We may lose access to third-party code and specifications for the development of code, which could materially
adversely affect our ability to develop software compatible with third-party software products in the future.
Our solutions interact with a variety of software and hardware developed by third parties. Some software providers and hardware
manufacturers, including some of the largest vendors, have a policy of restricting the use or availability of their code or technical
documentation for some of their operating systems, applications, or hardware. To date, this policy has not had a material effect on us.
Some companies, however, may adopt more restrictive policies in the future or impose unfavorable terms and conditions for such
access. These restrictions may, in the future, result in higher research and development costs for us in connection with the
enhancement and modification of our existing products and the development of new products. Any additional restrictions could
materially adversely affect our business, financial condition, operating results and cash flow.
Third parties could claim that our products infringe or contribute to the infringement of their intellectual
property rights or that we owe royalty payments to them, which could result in significant litigation expense or
settlement with unfavorable terms, which could materially adversely affect our business, financial condition,
operating results and cash flow.
From time to time, third parties have claimed and may claim that our products infringe various forms of their intellectual property or
that we owe royalty payments to them. Investigation of these claims can be expensive and could affect development, marketing or
shipment of our products. As the number of software patents issued increases, it is likely that additional claims will be asserted.
Defending against such claims is time consuming and could result in significant litigation expense or settlement on unfavorable
terms, which could materially adversely affect our business, financial condition, operating results and cash flow.
The number, terms and duration of our license agreements as well as the timing of orders from our customers
and channel partners, may cause fluctuations in some of our key financial metrics, which may affect our
quarterly financial results.
Historically, a substantial portion of our license agreements are executed in the last month of a quarter and the number of contracts
executed during a given quarter can vary substantially. In addition, we experience a historically long sales cycle, which is driven in
part by the varying terms and conditions of our software contracts. These factors can make it difficult for us to predict sales and cash
flow on a quarterly basis. Any failure or delay in executing new or renewed license agreements in a given quarter could cause
declines in some of our key financial metrics (e.g., revenue or cash flow), and, accordingly, increases the risk of unanticipated
variations in our quarterly results and financial condition.
Failure to renew large license agreement transactions on a satisfactory basis could materially adversely affect
our business, financial condition, operating results and cash flow.

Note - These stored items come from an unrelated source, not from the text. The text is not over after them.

lemma linear_graph_plan:
  fixes \<mu> :: "'a::euclidean_space measure" and L :: "'a \<Rightarrow> 'b::euclidean_space"
  assumes \<mu>: "\<mu> \<in> Prob" "integrable \<mu> (\<lambda>x. (norm x)\<^sup>2)" and L: "bounded_linear L" and q: "0 < q" "q \<le> 2"
  shows "distr \<mu> borel (\<lambda>x. (x, L x)) \<in> Prob"
    "distr (distr \<mu> borel (\<lambda>x. (x, L x))) borel fst = \<mu>"
    "integrable (distr \<mu> borel (\<lambda>x. (x, L x))) (\<lambda>(x1, x2). norm x2 powr q)"
proof -
  have sets: "sets \<mu> = sets borel" and "prob_space \<mu>" using \<mu> by (auto simp: Prob_def)
  interpret prob_space \<mu> by fact
  have graph: "(\<lambda>x. (x, L x)) \<in> borel_measurable \<mu>"
    by (intro measurable_continuous_sets_borel[OF sets] continuous_intros linear_continuous_on L)
  show "distr \<mu> borel (\<lambda>x. (x, L x)) \<in> Prob"
    unfolding Prob_def using prob_space.prob_space_distr[OF \<open>prob_space \<mu>\<close> graph] by simp
  have fst: "fst \<in> borel_measurable (borel :: ('a \<times> 'b) measure)"
    by (intro borel_measurable_continuous_onI continuous_intros)
  show "distr (distr \<mu> borel (\<lambda>x. (x, L x))) borel fst = \<mu>"
    using sets by (simp add: distr_distr[OF fst graph] comp_def distr_id2)
  obtain K where K: "\<And>x. norm (L x) \<le> norm x * K" using bounded_linear.pos_bounded[OF L] by blast
  have "integrable \<mu> (\<lambda>x. 1 + K\<^sup>2 * (norm x)\<^sup>2)" using \<mu>(2) by simp
  then have "integrable \<mu> (\<lambda>x. norm (L x) powr q)"
  proof (rule Bochner_Integration.integrable_bound)
    have [measurable]: "L \<in> borel_measurable \<mu>"
      by (intro measurable_continuous_sets_borel[OF sets] linear_continuous_on L)
    show "(\<lambda>x. norm (L x) powr q) \<in> borel_measurable \<mu>" by measurable
    have "norm (L x) powr q \<le> 1 + (norm x * K)\<^sup>2" for x
      using powr_le_one_plus_powr[of "norm (L x)" q 2] q K[of x]
      by (simp add: power_mono order_trans[OF _ add_left_mono])
    then show "AE x in \<mu>. norm (norm (L x) powr q) \<le> norm (1 + K\<^sup>2 * (norm x)\<^sup>2)"
      by (simp add: power_mult_distrib mult.commute)
  qed
  moreover have "(\<lambda>(x1::'a, x2::'b). norm x2 powr q) \<in> borel_measurable borel"
    unfolding case_prod_unfold by (intro powr_real_measurable borel_measurable_continuous_onI continuous_intros)
  ultimately show "integrable (distr \<mu> borel (\<lambda>x. (x, L x))) (\<lambda>(x1, x2). norm x2 powr q)"
    by (simp add: integrable_distr_eq[OF graph])
qed

theorem mainTheorem7:
  fixes p :: real and \<mu> :: "'a::euclidean_space measure"
  assumes "p \<ge> 2" and "\<mu> \<in> Pp p"
  shows "strongly_differentiable p TP \<mu> (distr \<mu> borel (\<lambda>x. (x, 4 *\<^sub>R Top \<mu> x)))"
proof -
  have \<mu>: "\<mu> \<in> Prob" "sets \<mu> = sets borel" using assms(2) by (auto simp: Pp_def Prob_def)
  have square: "integrable \<mu> (\<lambda>x. (norm x)\<^sup>2)" by (rule integrable_square_norm_Pp[OF assms])
  have L: "bounded_linear (\<lambda>x. 4 *\<^sub>R Top \<mu> x)"
    using linear_Top[OF \<mu>(2) square] by (intro bounded_linear_const_scaleR) (simp add: linear_conv_bounded_linear)
  have q: "0 < p / (p - 1)" "p / (p - 1) \<le> 2" using assms(1) by (auto simp: field_simps)
  note plan = linear_graph_plan[OF \<mu>(1) square L q]
  define K where "K = 20 * (real DIM('a))\<^sup>2 * (M2sq \<mu> + 1)"
  have "((\<lambda>r. K * (r + r ^ 3)) \<longlongrightarrow> 0) (at_right 0)"
    by (rule tendsto_eq_intros refl | simp)+
  then have "((\<lambda>r. K * (r\<^sup>2 + r ^ 4) / r) \<longlongrightarrow> 0) (at_right 0)"
    by (rule Lim_transform_eventually)
       (auto simp: eventually_at_right_less field_simps power2_eq_square power3_eq_cube power4_eq_xxxx
         intro: eventually_mono[OF eventually_at_right_less])
  moreover note TP_Gam_linearization_error[OF assms]
  ultimately show ?thesis
    unfolding strongly_differentiable_def
    by (intro conjI plan exI[where x = "\<lambda>r. K * (r\<^sup>2 + r ^ 4)"] ballI) (auto simp: K_def)
qed

end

Our core customers are large enterprises with multi-year enterprise license agreements each of which involves substantial aggregate
fee amounts. The failure to renew those transactions in the future, or to replace those enterprise license agreements with new
transactions of similar scope, on terms that are commercially attractive to us could materially adversely affect our business, financial
condition, operating results and cash flow.
Changes in market conditions or our ratings could increase our interest costs and adversely affect the cost of
refinancing our debt and our ability to refinance our debt, which could materially adversely affect our business,
financial condition, operating results and cash flow.
At March 31, 2012, we had $1,301 million of debt outstanding, consisting mostly of unsecured fixed-rate senior note obligations and
credit facility borrowings. Refer to Note 9, “Debt,” in the Notes to the Consolidated Financial Statements for the payment schedule of
our long-term debt obligations. Our senior unsecured notes are rated by Moody’s Investors Service, Fitch Ratings, and Standard and
Poor’s. These agencies or any other credit rating agency could downgrade or take other negative action with respect to our credit
ratings in the future. If our credit ratings were downgraded or other negative action is taken, we could be required to, among other
things, pay additional interest on outstanding borrowings under our principal revolving credit agreement. Any downgrades could
affect our ability to obtain additional financing in the future and may affect the terms of any such financing.
We expect that existing cash, cash equivalents, marketable securities, cash provided from operations and our bank credit facilities
will be sufficient to meet ongoing cash requirements. However, our failure to generate sufficient cash as our debt becomes due or to
renew credit lines prior to their expiration could materially adversely affect our business, financial condition, operating results and
cash flow.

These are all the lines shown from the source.